The first approach uses complex frameworks such as langchain. The entire application is dependent on LLM models from input to output. We can compare this to a black box. The developer does not see how the framework works in detail – they only see that some input produces some output. The second approach may look like using a minimal LLM framework and using simple LLM API calls only where they are needed. This gives the developer much greater insight into how the application runs. In this blog post, we'll compare the differences between these two approaches, their advantages and disadvantages.
Complex AI/LLM Frameworks
As mentioned, the kind of framework we're talking about here can be represented by langchain, an open source library that has become very popular for writing AI applications. It supports many LLM providers such as OpenAI, Anthropic, Gemini, and many others 1. It works as a wrapper over raw API calls from LLM providers. This means it completely separates the application developer from details such as individual API calls and prompt construction, thereby creating an abstraction layer.
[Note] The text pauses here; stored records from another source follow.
lemma measure_Icc01_affine_less:
  fixes p q c :: real
  assumes "p \<noteq> q"
  shows "measure lborel ({0..1} \<inter> {t. p + t * (q - p) < c}) = uniform_cdf (min p q) (max p q) c"
proof (cases "p < q")
  case True
  then have "{t. p + t * (q - p) < c} = {..<(c - p) / (q - p)}"
    by (auto simp: field_simps)
  then show ?thesis
    using True by (simp add: measure_Icc01_Int_lessThan uniform_cdf_def)
next
  case False
  with assms have "q < p" by simp
  then have "{t. p + t * (q - p) < c} = {(p - c) / (p - q)<..}"
    and "1 - (p - c) / (p - q) = (c - q) / (p - q)"
    by (auto simp: field_simps)
  then show ?thesis
    using \<open>q < p\<close> by (simp add: measure_Icc01_Int_greaterThan uniform_cdf_def)
qed

lemma measure_Icc01_affine_eq:
  fixes p q c :: real
  assumes "p \<noteq> q"
  shows "measure lborel ({0..1} \<inter> {t. p + t * (q - p) = c}) = 0"
proof -
  have "{t. p + t * (q - p) = c} = {(c - p) / (q - p)}"
    using assms by (auto simp: field_simps)
  then show ?thesis
    by (simp add: measure_def emeasure_lborel_countable)
qed

lemma prob_space_seg_unif: "prob_space (seg_unif a b)"
  unfolding seg_unif_def
  by (intro prob_space.prob_space_distr prob_space_uniform_measure) auto

lemma sets_seg_unif [simp]: "sets (seg_unif a b) = sets borel"
  by (simp add: seg_unif_def)

lemma space_seg_unif [simp]: "space (seg_unif a b) = UNIV"
  using sets_eq_imp_space_eq[OF sets_seg_unif] by simp

lemma measure_seg_unif:
  assumes "S \<in> sets borel"
  shows "measure (seg_unif a b) S = measure lborel ({0..1} \<inter> {t. a + t *\<^sub>R (b - a) \<in> S})"
proof -
  have [measurable]: "S \<in> sets borel" by fact
  show ?thesis
    unfolding seg_unif_def
    by (subst measure_distr) (auto simp: measure_uniform_measure vimage_def Int_commute)
qed

lemma measure_seg_unif_nth_less:
  assumes "a$j \<noteq> b$j"
  shows "measure (seg_unif a b) {y. y$j < c} = uniform_cdf (min (a$j) (b$j)) (max (a$j) (b$j)) c"
  using measure_Icc01_affine_less[OF assms] by (simp add: measure_seg_unif)

lemma measure_seg_unif_nth_eq:
  assumes "a$j \<noteq> b$j"
  shows "measure (seg_unif a b) {y. y$j = c} = 0"
  using measure_Icc01_affine_eq[OF assms] by (simp add: measure_seg_unif)

lemma AE_seg_unif_closed_segment: "AE y in seg_unif a b. y \<in> closed_segment a b"
  unfolding seg_unif_def
proof (subst AE_distr_iff)
  have "a + t *\<^sub>R (b - a) \<in> closed_segment a b" if "t \<in> {0..1}" for t
  proof -
    have "a + t *\<^sub>R (b - a) = (1 - t) *\<^sub>R a + t *\<^sub>R b"
      by (simp add: algebra_simps)
    then show ?thesis
      using that by (auto simp: closed_segment_def)
  qed
  then show "AE t in uniform_measure lborel {0..1}. a + t *\<^sub>R (b - a) \<in> closed_segment a b"
    by (intro AE_uniform_measureI AE_I2) auto
qed auto

lemma sets_seg_density_strategy [simp]: "sets (seg_density_strategy L) = sets borel"
  unfolding seg_density_strategy_def
  using sets.sigma_sets_eq[of borel] by (subst sets_measure_of) auto

lemma space_seg_density_strategy [simp]: "space (seg_density_strategy L) = UNIV"
  unfolding seg_density_strategy_def by (subst space_measure_of) auto
(* For each pair $(N,n)\in\{(N,1): N\ge1\}\cup\{(2,2),(3,2),(3,3)\}$ we have $\chi_n(N\times n,2)=2^N$.
   Context: $\mathbb{F}_2^{N\times n}$ is the set of $N\times n$ binary matrices. An exactly $d$-distance coloring is a map $\Gamma:\mathbb{F}_q^{N\times n}\to\{1,\dots,L\}$ such that $\Gamma(M_1)\ne\Gamma(M_2)$ whenever $\mathrm{Rk}(M_1-M_2)=d$ (rank over $\mathbb{F}_q$). $\chi_d(N\times n,q)$ denotes the minimum number $L$ of colors in an exactly $d$-distance coloring. *)

theory Defs
  imports "HOL-Library.Z2" "Jordan_Normal_Form.DL_Rank"
begin

definition mat_rank :: "nat \<Rightarrow> 'a::field mat \<Rightarrow> nat" where
  "mat_rank N A = vec_space.rank N A"

definition exact_dist_coloring ::
  "'a::field itself \<Rightarrow> nat \<Rightarrow> nat \<Rightarrow> nat \<Rightarrow> nat \<Rightarrow> ('a mat \<Rightarrow> nat) \<Rightarrow> bool" where
  "exact_dist_coloring ty d N n L \<Gamma> \<longleftrightarrow>
     \<Gamma> ` carrier_mat N n \<subseteq> {1..L} \<and>
     (\<forall>M1\<in>carrier_mat N n. \<forall>M2\<in>carrier_mat N n.
        mat_rank N (M1 - M2) = d \<longrightarrow> \<Gamma> M1 \<noteq> \<Gamma> M2)"

definition chi :: "'a::field itself \<Rightarrow> nat \<Rightarrow> nat \<Rightarrow> nat \<Rightarrow> nat" where
  "chi ty d N n = (LEAST L. \<exists>\<Gamma>. exact_dist_coloring ty d N n L \<Gamma>)"

end

theory Submission
  imports Defs Berlekamp_Zassenhaus.Berlekamp_Type_Based
begin

text \<open>
  Colouring a matrix by its first column is an exactly \<open>n\<close>-distance colouring with \<open>q\<^sup>N\<close>
  colours: a difference of rank \<open>n \<ge> 1\<close> has full column rank, hence a nonzero first column.
  Conversely, if \<open>F\<close> is a linear map from \<open>\<bbbF>\<^sub>q\<^sup>N\<close> to the \<open>N \<times> n\<close> matrices all of whose
  nonzero values have rank \<open>n\<close>, then the \<open>q\<^sup>N\<close> matrices \<open>F a\<close> are pairwise at rank distance \<open>n\<close>
  and need distinct colours. For \<open>n = 1\<close> take \<open>F a = a\<close>; otherwise take the first \<open>n\<close> columns
  \<open>a, x a, \<dots>\<close> of the matrix of multiplication by \<open>a\<close> in \<open>GF(2\<^sup>N)\<close>, which has full column
  rank because a field has no zero divisors.
\<close>

lemma mult_mat_vec_unit_vec:
  fixes A :: "'a::semiring_1 mat"
  shows "A \<in> carrier_mat nr nc \<Longrightarrow> i < nc \<Longrightarrow> A *\<^sub>v unit_vec nc i = col A i"
  by (rule eq_vecI) auto

lemma carrier_vec_eq_zero_iff: "v \<in> carrier_vec n \<Longrightarrow> v = 0\<^sub>v n \<longleftrightarrow> (\<forall>i<n. v $ i = 0)"
  by auto

lemma mat_mult_vec_eq_zero_iff:
  "v \<in> carrier_vec n \<Longrightarrow>
     mat N n f *\<^sub>v v = 0\<^sub>v N \<longleftrightarrow> (\<forall>i<N. (\<Sum>j<n. f (i, j) * v $ j) = 0)"
  by (auto simp: vec_eq_iff scalar_prod_def atLeast0LessThan)

lemma (in vec_space) rank_less_if_not_distinct_cols:
  assumes A: "A \<in> carrier_mat n nc" and "\<not> distinct (cols A)"
  shows "rank A < nc"
proof -
  obtain S where S: "maximal S (\<lambda>T. T \<subseteq> set (cols A) \<and> lin_indpt T)"
    using maximal_exists[of "\<lambda>T. T \<subseteq> set (cols A) \<and> lin_indpt T" "card (set (cols A))" "{}"]
    by (meson List.finite_set card_mono empty_iff empty_subsetI finite_lin_indpt2 rev_finite_subset)
  then have "card S \<le> card (set (cols A))"
    by (simp add: card_mono maximal_def)
  also have "\<dots> < nc"
    using A \<open>\<not> distinct (cols A)\<close> card_distinct card_length[of "cols A"]
    by (metis cols_length carrier_matD(2) le_neq_implies_less)
  finally show ?thesis
    using rank_card_indpt[OF A S] by simp
qed

lemma (in vec_space) full_rank_iff_trivial_kernel:
  assumes A: "A \<in> carrier_mat n nc"
  shows "rank A = nc \<longleftrightarrow> (\<forall>v\<in>carrier_vec nc. A *\<^sub>v v = 0\<^sub>v n \<longrightarrow> v = 0\<^sub>v nc)"
proof
  assume rank: "rank A = nc"
  then have distinct: "distinct (cols A)"
    using rank_less_if_not_distinct_cols[OF A] by fastforce
  then have "lin_indpt (set (cols A))"
    using full_rank_lin_indpt[OF A rank] by blast
  then show "\<forall>v\<in>carrier_vec nc. A *\<^sub>v v = 0\<^sub>v n \<longrightarrow> v = 0\<^sub>v nc"
    using lin_depI[OF A _ _ _ distinct] by blast
next
  assume kernel: "\<forall>v\<in>carrier_vec nc. A *\<^sub>v v = 0\<^sub>v n \<longrightarrow> v = 0\<^sub>v nc"
  have distinct: "distinct (cols A)"
  proof (rule ccontr)
    assume "\<not> distinct (cols A)"
    then obtain i j where ij: "i \<noteq> j" "i < nc" "j < nc" "col A i = col A j"
      using A by (auto simp: distinct_conv_nth)
    let ?v = "unit_vec nc i - unit_vec nc j :: 'a vec"
    have "A *\<^sub>v ?v = 0\<^sub>v n"
      using A ij by (simp add: mult_minus_distrib_mat_vec mult_mat_vec_unit_vec)
    moreover have "?v $ i \<noteq> 0"
      using ij by simp
    ultimately show False
      using kernel ij(2) by fastforce
  qed
  have "lin_indpt (set (cols A))"
    using lin_depE[OF A _ distinct] kernel by metis
  then show "rank A = nc"
    using lin_indpt_full_rank[OF A distinct] by blast
qed

lemma mat_rank_eq_iff_trivial_kernel:
  "A \<in> carrier_mat N n \<Longrightarrow>
     mat_rank N A = n \<longleftrightarrow> (\<forall>v\<in>carrier_vec n. A *\<^sub>v v = 0\<^sub>v N \<longrightarrow> v = 0\<^sub>v n)"
  unfolding mat_rank_def by (rule vec_space.full_rank_iff_trivial_kernel)

lemma exact_dist_coloring_card_le:
  fixes S :: "'a::field mat set"
  assumes coloring: "exact_dist_coloring TYPE('a) d N n L \<Gamma>"
    and S: "S \<subseteq> carrier_mat N n"
    and dist: "\<And>M1 M2. M1 \<in> S \<Longrightarrow> M2 \<in> S \<Longrightarrow> M1 \<noteq> M2 \<Longrightarrow> mat_rank N (M1 - M2) = d"
  shows "card S \<le> L"
proof -
  have "inj_on \<Gamma> S"
    using coloring S dist unfolding exact_dist_coloring_def inj_on_def by blast
  moreover have "\<Gamma> ` S \<subseteq> {1..L}"
    using coloring S unfolding exact_dist_coloring_def by blast
  ultimately show ?thesis
    using card_inj_on_le[of \<Gamma> S "{1..L}"] by simp
qed

lemma first_column_coloring:
  assumes "0 < n"
  shows "\<exists>\<Gamma>. exact_dist_coloring TYPE('a::{field,finite}) n N n (CARD('a) ^ N) \<Gamma>"
proof -
  obtain f :: "'a vec \<Rightarrow> nat" where f: "bij_betw f (carrier_vec N) {0..<CARD('a) ^ N}"
    using ex_bij_betw_finite_nat[of "carrier_vec N :: 'a vec set"] by (auto simp: card_carrier_vec)
  define \<Gamma> where "\<Gamma> M = f (col M 0) + 1" for M :: "'a mat"
  have col_carrier: "col M 0 \<in> carrier_vec N" if "M \<in> carrier_mat N n" for M :: "'a mat"
    using that \<open>0 < n\<close> by simp
  have "exact_dist_coloring TYPE('a) n N n (CARD('a) ^ N) \<Gamma>"
    unfolding exact_dist_coloring_def
  proof (intro conjI ballI impI)
    show "\<Gamma> ` carrier_mat N n \<subseteq> {1..CARD('a) ^ N}"
      using col_carrier bij_betwE[OF f] by (fastforce simp: \<Gamma>_def)
  next
    fix M1 M2 :: "'a mat"
    assume M: "M1 \<in> carrier_mat N n" "M2 \<in> carrier_mat N n" and rank: "mat_rank N (M1 - M2) = n"
    have "M1 - M2 \<in> carrier_mat N n"
      using M(2) by (rule minus_carrier_mat)
    then have "\<forall>v\<in>carrier_vec n. (M1 - M2) *\<^sub>v v = 0\<^sub>v N \<longrightarrow> v = 0\<^sub>v n"
      using rank mat_rank_eq_iff_trivial_kernel by blast
    then have "(M1 - M2) *\<^sub>v unit_vec n 0 \<noteq> 0\<^sub>v N"
      using \<open>0 < n\<close> by auto
    then have "col M1 0 - col M2 0 \<noteq> 0\<^sub>v N"
      using M \<open>0 < n\<close> by (simp add: minus_mult_distrib_mat_vec mult_mat_vec_unit_vec)
    then have "col M1 0 \<noteq> col M2 0"
      using M col_carrier by auto
    then show "\<Gamma> M1 \<noteq> \<Gamma> M2"
      using f M col_carrier by (auto simp: \<Gamma>_def bij_betw_def inj_on_def)
  qed
  then show ?thesis
    by blast
qed

definition full_rank_code :: "nat \<Rightarrow> nat \<Rightarrow> ('a::field vec \<Rightarrow> 'a mat) \<Rightarrow> bool" where
  "full_rank_code N n F \<longleftrightarrow>
     (\<forall>a\<in>carrier_vec N. F a \<in> carrier_mat N n) \<and>
     (\<forall>a\<in>carrier_vec N. \<forall>b\<in>carrier_vec N. F (a - b) = F a - F b) \<and>
     (\<forall>a\<in>carrier_vec N. a \<noteq> 0\<^sub>v N \<longrightarrow> mat_rank N (F a) = n)"

lemma full_rank_code_rank_diff:
  fixes F :: "'a::field vec \<Rightarrow> 'a mat"
  assumes F: "full_rank_code N n F"
    and a: "a \<in> carrier_vec N" and b: "b \<in> carrier_vec N" and "a \<noteq> b"
  shows "mat_rank N (F a - F b) = n"
proof -
  have "a - b \<noteq> 0\<^sub>v N"
    using a b \<open>a \<noteq> b\<close> by (metis vec_eq_iff index_minus_vec carrier_vecD index_zero_vec right_minus_eq)
  moreover have "a - b \<in> carrier_vec N"
    using a b by simp
  ultimately have "mat_rank N (F (a - b)) = n"
    using F unfolding full_rank_code_def by blast
  then show ?thesis
    using F a b unfolding full_rank_code_def by metis
qed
It provides ready-made components such as LLM agents, memory management, and allows creating so-called chains, which are sequences of steps that lead to some result. For example:
rag_chain = (
{"context": retriever | format_docs, "question": RunnablePassthrough()}
| prompt
| llm
| StrOutputParser()
)
This chain creates a RAG chain that answers user questions by searching for information in a vector database. It is clear that a fairly complex system like RAG can be assembled in just a few lines (of course, in a real application this piece of code alone is not enough, but it is still only ~50 lines of code; the full example can be found here), which is a huge advantage when building PoC (Proof of Concept) applications. However, it may not be entirely suitable for building stable production applications.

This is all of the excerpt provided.